If you save this page and open it again, what will you see? Right, two images — one that already was on the web page when it was saved and a second that was created by this code when the saved page was opened. You can get even more images by saving again.

Solution: when saving remove all CSS and JavaScript that was in the web page originally and replace it by a correct representation of the current web page state. Meaning that you would have a big style block at the beginning of the page defining all the styles that are relevant for the document (with all the relative URLs corrected of course). And you would have a block of JavaScript that would execute on page load to restore all the JavaScript functions, variables, event handlers etc. Don’t take me too seriously on this one, I know all too well that nobody will go through the hurdles of implementing it especially since there are several major issues: restoring JavaScript properties on DOM objects that don’t have an ID, references from JavaScript to DOM objects that are not in any document or are in the document of a different window, user actions during page load when the JavaScript event handlers are not yet in place.

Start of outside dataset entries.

text \<open>Phi_M(X,Y) = sum over i_1<...<i_k in X, j_1<...<j_l in Y of that monomial;
its coefficient at m is the number of such pairs of sequences producing m.\<close>

definition Phi :: "nat mat \<Rightarrow> 'x::linorder set \<Rightarrow> 'y::linorder set \<Rightarrow> ('x,'y) pseries" where
  "Phi M X Y = (\<lambda>m. of_nat (card {(is, js).
       length is = dim_row M \<and> sorted_wrt (<) is \<and> set is \<subseteq> X \<and>
       length js = dim_col M \<and> sorted_wrt (<) js \<and> set js \<subseteq> Y \<and>
       monom_of M is js = m}))"

text \<open>The algebra map iota: t_{(x1,x2),(y1,y2)} \<mapsto> t_{x1,y1} \<otimes> t_{x2,y2}, on coefficients.
The monomial t^m is sent to the pair of monomials (proj1 m, proj2 m).\<close>

definition proj1 :: "(('x1 \<times> 'x2) \<times> ('y1 \<times> 'y2) \<Rightarrow> nat) \<Rightarrow> ('x1 \<times> 'y1 \<Rightarrow> nat)" where
  "proj1 m = (\<lambda>(x1,y1). \<Sum>v\<in>{v. m v \<noteq> 0 \<and> fst (fst v) = x1 \<and> fst (snd v) = y1}. m v)"

definition proj2 :: "(('x1 \<times> 'x2) \<times> ('y1 \<times> 'y2) \<Rightarrow> nat) \<Rightarrow> ('x2 \<times> 'y2 \<Rightarrow> nat)" where
  "proj2 m = (\<lambda>(x2,y2). \<Sum>v\<in>{v. m v \<noteq> 0 \<and> snd (fst v) = x2 \<and> snd (snd v) = y2}. m v)"

definition iota :: "('x1 \<times> 'x2, 'y1 \<times> 'y2) pseries \<Rightarrow> ('x1,'y1,'x2,'y2) tpseries" where
  "iota F = (\<lambda>(m1, m2). \<Sum>m\<in>{m. finite {v. m v \<noteq> 0} \<and> proj1 m = m1 \<and> proj2 m = m2}. F m)"

text \<open>mu(alpha) for alpha : [k] -> [n] surjective (0-indexed); n is the size of the image.\<close>

definition mu :: "nat \<Rightarrow> (nat \<Rightarrow> nat) \<Rightarrow> nat mat" where
  "mu k \<alpha> = mat (card (\<alpha> ` {..<k})) k (\<lambda>(i,j). if i = \<alpha> j then 1 else 0)"

text \<open>Adm(k): pairs of surjections [k] ->> [k'], [k] ->> [k''] (normalised to 0 outside [k]),
the first weakly increasing, the second strictly increasing on each fibre of the first.\<close>

definition Adm :: "nat \<Rightarrow> ((nat \<Rightarrow> nat) \<times> (nat \<Rightarrow> nat)) set" where
  "Adm k = {(s1, s2).
      (\<exists>k1. s1 ` {..<k} = {..<k1}) \<and> (\<exists>k2. s2 ` {..<k} = {..<k2}) \<and>
      (\<forall>i\<ge>k. s1 i = 0 \<and> s2 i = 0) \<and>
      (\<forall>i j. i < j \<and> j < k \<longrightarrow> s1 i \<le> s1 j) \<and>
      (\<forall>i j. i < j \<and> j < k \<and> s1 i = s1 j \<longrightarrow> s2 i < s2 j)}"

end

theory Submission
  imports Defs
begin

text \<open>
  A strictly increasing sequence \<open>(x\<^sub>1, y\<^sub>1) < \<dots> < (x\<^sub>k, y\<^sub>k)\<close> in the lexicographic
  product \<open>X\<^sub>1 X\<^sub>2\<close> is the same thing as an admissible pair \<open>(\<sigma>', \<sigma>'')\<close> together with
  increasing sequences \<open>a\<close> in \<open>X\<^sub>1\<close> and \<open>b\<close> in \<open>X\<^sub>2\<close>: put \<open>x\<^sub>r = a\<^bsub>\<sigma>'(r)\<^esub>\<close> and
  \<open>y\<^sub>r = b\<^bsub>\<sigma>''(r)\<^esub>\<close>, where \<open>\<sigma>'\<close> ranks the first and \<open>\<sigma>''\<close> the second coordinates.
  Under \<open>\<iota>\<close> the monomial of \<open>M\<close> at such merged row and column sequences splits into the
  monomials of the contracted matrices \<open>\<mu>(\<sigma>')M\<mu>(\<tau>')\<^sup>T\<close> and \<open>\<mu>(\<sigma>'')M\<mu>(\<tau>'')\<^sup>T\<close>.
  Hence, coefficient by coefficient, both sides count the same set of pairs of sequences;
  packedness of \<open>M\<close> makes all these sets finite.
\<close>

section \<open>Monomials along index maps and their pushforwards\<close>

definition mat_monom :: "nat mat \<Rightarrow> (nat \<Rightarrow> 'x) \<Rightarrow> (nat \<Rightarrow> 'y) \<Rightarrow> ('x \<times> 'y \<Rightarrow> nat)" where
  "mat_monom M f g = (\<lambda>v. \<Sum>r<dim_row M. \<Sum>s<dim_col M. if (f r, g s) = v then M $$ (r,s) else 0)"

lemma monom_of_eq_mat_monom: "monom_of M is js = mat_monom M (nth is) (nth js)"
  unfolding monom_of_def mat_monom_def by (auto simp: fun_eq_iff)

lemma mat_monom_cong:
  "(\<And>r. r < dim_row M \<Longrightarrow> f r = f' r) \<Longrightarrow> (\<And>s. s < dim_col M \<Longrightarrow> g s = g' s)
   \<Longrightarrow> mat_monom M f g = mat_monom M f' g'"
  unfolding mat_monom_def by (intro ext sum.cong) auto

lemma mat_monom_support:
  "{v. mat_monom M f g v \<noteq> 0} \<subseteq> (\<lambda>(r,s). (f r, g s)) ` ({..<dim_row M} \<times> {..<dim_col M})"
  unfolding mat_monom_def
  by (force elim!: sum.not_neutral_contains_not_neutral split: if_splits)

lemma finite_mat_monom_support: "finite {v. mat_monom M f g v \<noteq> 0}"
  by (rule finite_subset[OF mat_monom_support]) auto

lemma index_le_mat_monom:
  assumes "r < dim_row M" "s < dim_col M"
  shows "M $$ (r,s) \<le> mat_monom M f g (f r, g s)"
proof -
  have "M $$ (r,s) \<le> (\<Sum>s'<dim_col M. if (f r, g s') = (f r, g s) then M $$ (r,s') else 0)"
    using assms(2) by (intro order.trans[OF _ member_le_sum[of s]]) auto
  also have "\<dots> \<le> mat_monom M f g (f r, g s)"
    unfolding mat_monom_def by (rule member_le_sum) (use assms in auto)
  finally show ?thesis .
qed

definition pushforward :: "('a \<Rightarrow> 'b) \<Rightarrow> ('a \<Rightarrow> nat) \<Rightarrow> 'b \<Rightarrow> nat" where
  "pushforward \<pi> m w = (\<Sum>v\<in>{v. m v \<noteq> 0 \<and> \<pi> v = w}. m v)"

lemma proj1_eq_pushforward: "proj1 = pushforward (map_prod fst fst)"
  unfolding proj1_def pushforward_def by (auto simp: fun_eq_iff intro!: sum.cong)

lemma proj2_eq_pushforward: "proj2 = pushforward (map_prod snd snd)"
  unfolding proj2_def pushforward_def by (auto simp: fun_eq_iff intro!: sum.cong)

lemma pushforward_eq_sum:
  assumes "finite S" "{v. m v \<noteq> 0} \<subseteq> S"
  shows "pushforward \<pi> m w = (\<Sum>v\<in>{v\<in>S. \<pi> v = w}. m v)"
  unfolding pushforward_def by (rule sum.mono_neutral_left) (use assms in auto)

lemma le_pushforward:
  assumes "finite {v. m v \<noteq> 0}"
  shows "m v \<le> pushforward \<pi> m (\<pi> v)"
  unfolding pushforward_def by (cases "m v = 0") (auto intro!: member_le_sum finite_subset[OF _ assms])

lemma pushforward_support: "{w. pushforward \<pi> m w \<noteq> 0} \<subseteq> \<pi> ` {v. m v \<noteq> 0}"
  unfolding pushforward_def by (force elim!: sum.not_neutral_contains_not_neutral)

lemma pushforward_mat_monom:
  "pushforward (map_prod p q) (mat_monom M f g) = mat_monom M (p \<circ> f) (q \<circ> g)"
proof
  fix w
  let ?R = "{..<dim_row M}" and ?S = "{..<dim_col M}"
  let ?W = "(\<lambda>(r,s). (f r, g s)) ` (?R \<times> ?S)"
  have "pushforward (map_prod p q) (mat_monom M f g) w
      = (\<Sum>v\<in>{v\<in>?W. map_prod p q v = w}. \<Sum>r\<in>?R. \<Sum>s\<in>?S. if (f r, g s) = v then M $$ (r,s) else 0)"
    by (subst pushforward_eq_sum[OF _ mat_monom_support]) (simp_all add: mat_monom_def)
  also have "\<dots> = (\<Sum>r\<in>?R. \<Sum>s\<in>?S. \<Sum>v\<in>{v\<in>?W. map_prod p q v = w}. if (f r, g s) = v then M $$ (r,s) else 0)"
    by (subst sum.swap, subst (2) sum.swap) (rule refl)
  also have "\<dots> = (\<Sum>r\<in>?R. \<Sum>s\<in>?S. if ((p \<circ> f) r, (q \<circ> g) s) = w then M $$ (r,s) else 0)"
    by (intro sum.cong refl) auto
  finally show "pushforward (map_prod p q) (mat_monom M f g) w = mat_monom M (p \<circ> f) (q \<circ> g) w"
    unfolding mat_monom_def .
qed

section \<open>Contraction of a matrix along surjections\<close>

lemma dim_row_mu [simp]: "dim_row (mu k \<sigma>) = card (\<sigma> ` {..<k})"
  and dim_col_mu [simp]: "dim_col (mu k \<sigma>) = k"
  unfolding mu_def by simp_all

lemma index_mu [simp]:
  "i < card (\<sigma> ` {..<k}) \<Longrightarrow> j < k \<Longrightarrow> mu k \<sigma> $$ (i,j) = (if i = \<sigma> j then 1 else 0)"
  unfolding mu_def by simp

definition contract :: "nat mat \<Rightarrow> (nat \<Rightarrow> nat) \<Rightarrow> (nat \<Rightarrow> nat) \<Rightarrow> nat mat" where
  "contract M \<sigma> \<tau> = mu (dim_row M) \<sigma> * M * transpose_mat (mu (dim_col M) \<tau>)"

lemma dim_contract [simp]:
  "dim_row (contract M \<sigma> \<tau>) = card (\<sigma> ` {..<dim_row M})"
  "dim_col (contract M \<sigma> \<tau>) = card (\<tau> ` {..<dim_col M})"
  unfolding contract_def by simp_all

lemma index_contract:
  assumes "a < card (\<sigma> ` {..<dim_row M})" "c < card (\<tau> ` {..<dim_col M})"
  shows "contract M \<sigma> \<tau> $$ (a,c) =
     (\<Sum>r<dim_row M. \<Sum>s<dim_col M. if \<sigma> r = a \<and> \<tau> s = c then M $$ (r,s) else 0)"
proof -
  let ?k = "dim_row M" and ?l = "dim_col M"
  have row: "(mu ?k \<sigma> * M) $$ (a,s) = (\<Sum>r<?k. if \<sigma> r = a then M $$ (r,s) else 0)" if "s < ?l" for s
    using assms that by (simp add: scalar_prod_def atLeast0LessThan) (intro sum.cong, auto)
  have "contract M \<sigma> \<tau> $$ (a,c) = (\<Sum>s<?l. (mu ?k \<sigma> * M) $$ (a,s) * (if c = \<tau> s then 1 else 0))"
    using assms by (simp add: contract_def scalar_prod_def atLeast0LessThan)
  also have "\<dots> = (\<Sum>s<?l. \<Sum>r<?k. if \<sigma> r = a \<and> \<tau> s = c then M $$ (r,s) else 0)"
    using row by (intro sum.cong) (auto simp: sum_distrib_right intro!: sum.cong)
  finally show ?thesis by (simp only: sum.swap[of _ "{..<?l}"])
qed

lemma sum_swap_nested:
  "(\<Sum>a\<in>A. \<Sum>c\<in>C. \<Sum>r\<in>R. \<Sum>s\<in>S. h a c r s) = (\<Sum>r\<in>R. \<Sum>s\<in>S. \<Sum>a\<in>A. \<Sum>c\<in>C. h a c r s)"
  by (simp only: sum.swap[of _ R]) (simp only: sum.swap[of _ S])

Saving more than necessary

There have been complaints that even though Adblock Plus blocks the ads the saved page will still have them. The problem is that web page saving doesn’t respect content policies and will download files even if they are blocked. That is especially concerning for web bugs that have been blocked because of privacy concerns. Previously I was thinking that this is the way it should be, after all “HTML, complete” mode is supposed to create a copy of the original web page. But now I am tending to filing a bug on this issue.

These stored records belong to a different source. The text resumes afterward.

lemma s_132_321_creates_231:
  assumes dist: "distinct (pre @ Suc c # c # post)" and "z \<in> set pre" "z < c"
  shows "contains (s_pair [1, 3, 2] [3, 2, 1] (pre @ Suc c # c # post)) [2, 3, 1]"
proof -
  let ?T = "{[1, 3, 2], [3, 2, 1]} :: nat list set"
  define m where "m = Min (set pre)"
  define out where "out = fst (stack_feed ?T (pre @ [Suc c]) [])"
  have m: "m \<in> set pre" "\<forall>y\<in>set pre. m \<le> y" "m < c"
    using assms unfolding m_def by (auto intro: Min_in le_less_trans[OF Min_le])
  obtain s' where stack: "snd (stack_feed ?T (pre @ [Suc c]) []) = Suc c # s'"
    using stack_feed_last_on_top by blast
  have "m \<in> set (Suc c # s')"
    unfolding stack[symmetric]
    using dist m avoids_132_321_singleton avoids_132_321_Nil avoids_132_321_push_over_minimum
    by (intro stack_feed_keeps_minimum) auto
  then have "m \<in> set s'"
    using m by auto
  have "avoids_all ?T (Suc c # s')" and "distinct (Suc c # s')"
    unfolding stack[symmetric] using dist avoids_132_321_singleton avoids_132_321_Nil
    by (auto intro!: stack_feed_avoids distinct_stack_feed)
  then have push_c: "avoids_all ?T (c # Suc c # s')"
    by (meson avoids_132_321_push_predecessor distinct.simps(2))
  have "s_pair [1, 3, 2] [3, 2, 1] (pre @ Suc c # c # post) = stack_run ?T ((pre @ [Suc c]) @ c # post) []"
    unfolding s_pair_def s_T_def by simp
  also have "\<dots> = out @ stack_run ?T post (c # Suc c # s')"
    unfolding stack_run_append stack out_def using push_c by simp
  finally obtain u v where "s_pair [1, 3, 2] [3, 2, 1] (pre @ Suc c # c # post) = (out @ u) @ Suc c # v"
      "c \<in> set (out @ u)" "m \<in> set v"
    using stack_run_preserves_stack_order[of "c # Suc c # s'" "[c]" "Suc c" s' ?T post] \<open>m \<in> set s'\<close>
    by auto
  then show ?thesis
    using \<open>m < c\<close> lessI[of c] unfolding contains_231_iff subseq_triple_iff by blast
qed

theorem proposition3p3:
  fixes n :: nat and x :: "nat list"
  assumes "x \<in> Sort n [1, 3, 2] [3, 2, 1]"
  shows "\<not> contains_132star x"
proof
  assume "contains_132star x"
  then obtain pre c post z where x: "x = pre @ Suc c # c # post" "z \<in> set pre" "z < c"
    by (rule contains_132starE)
  let ?y = "s_pair [1, 3, 2] [3, 2, 1] x"
  have "distinct x" and sorted: "west_s ?y = [1..<n + 1]"
    using assms permutations_of_setD(2) unfolding Sort_def by auto
  then have "distinct ?y"
    unfolding s_pair_def by (simp add: distinct_s_T_iff)
  moreover have "sorted (west_s ?y)"
    unfolding sorted by (rule sorted_upt)
  moreover have "contains ?y [2, 3, 1]"
    using s_132_321_creates_231 \<open>distinct x\<close> x by blast
  ultimately show False
    using sorted_west_s_avoids_231 by blast
qed

end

Solution: only download files that haven’t been blocked. The implementation here shouldn’t be difficult for a change, images and objects already implement the imageBlockingStatus property that indicates whether the image has been blocked by a content policy.

PS: If everything goes well this post should appear on Planet Mozilla. Yay, that’s exciting! :)

Categories:

Comments

  1. Dao

    That’s why we need “save as PDF”. The HTML thing can safely be removed then — it’s irritating to users and useless for Web developers.

    Reply from Wladimir Palant:

    Do you know of any concrete plans? I remember people talking that producing PDFs will be possible with Cairo but I am not sure how serious this is.

  2. Jeremy

    To address the “reproductive defects”, shouldn’t it save the page as it currently appears AFTER manipulation of the DOM by JavaScript? That would also have the benefit of not saving things that had been removed by Adblock Plus, right? Of course that solution has its own difficulties, such as how to remove the JavaScript that manipulates the DOM without removing other JavaScript. And even if you could do so you’d be removing JavaScript that is needed to get things to work correctly in IE (such as the JavaScript trick to get PNG alpha blending to work in IE).

    Reply from Wladimir Palant:

    That’s exactly how it works now, it saves the current state of the DOM. But removing some JavaScript while keeping other is impossible – JavaScript is Turing-complete, you can’t tell whether it will modify the DOM or not. So you have the choice between leaving all JavaScript (meaning that you will need to save its state) or remove all of it. The latter will break some pages, e.g. the ones that don’t display all their content at the same time but allow you to switch pages using JavaScript.

    As to Adblock Plus – it doesn’t change the DOM. So if you save the DOM it will still contain the images that have been blocked.

  3. Simon

    Unless I specifically need the saved HTML version, I don’t generally use that feature – mostly for the second reason. If I order something online and want a copy of the order acknowledgement, I print the page to file (currently Postscript, but PDF would be nice) so I’ve got an exact copy.

  4. the'

    For “Save as PDF” the back end is almost done:

    https://bugzilla.mozilla.org/show_bug.cgi?id=369930

    No progress on the front end:

    https://bugzilla.mozilla.org/show_bug.cgi?id=162659

    Reply from Wladimir Palant:

    Yes, there are certainly plans to fix printing using Cairo’s PDF capabilities. Judging by bug 162659 there are no plans to allow saving PDFs however (note that saving a page is in many respects not the same as printing it – e.g. you want to preserve backgrounds and disable printing-specific scaling/page breaks).

  5. Fred Wenzel

    Yes, it indeed did show up on planet.m.org — nice!

  6. funTomas

    Why not to use JAR archive? FF3 will supprt JAR URLs, or will it?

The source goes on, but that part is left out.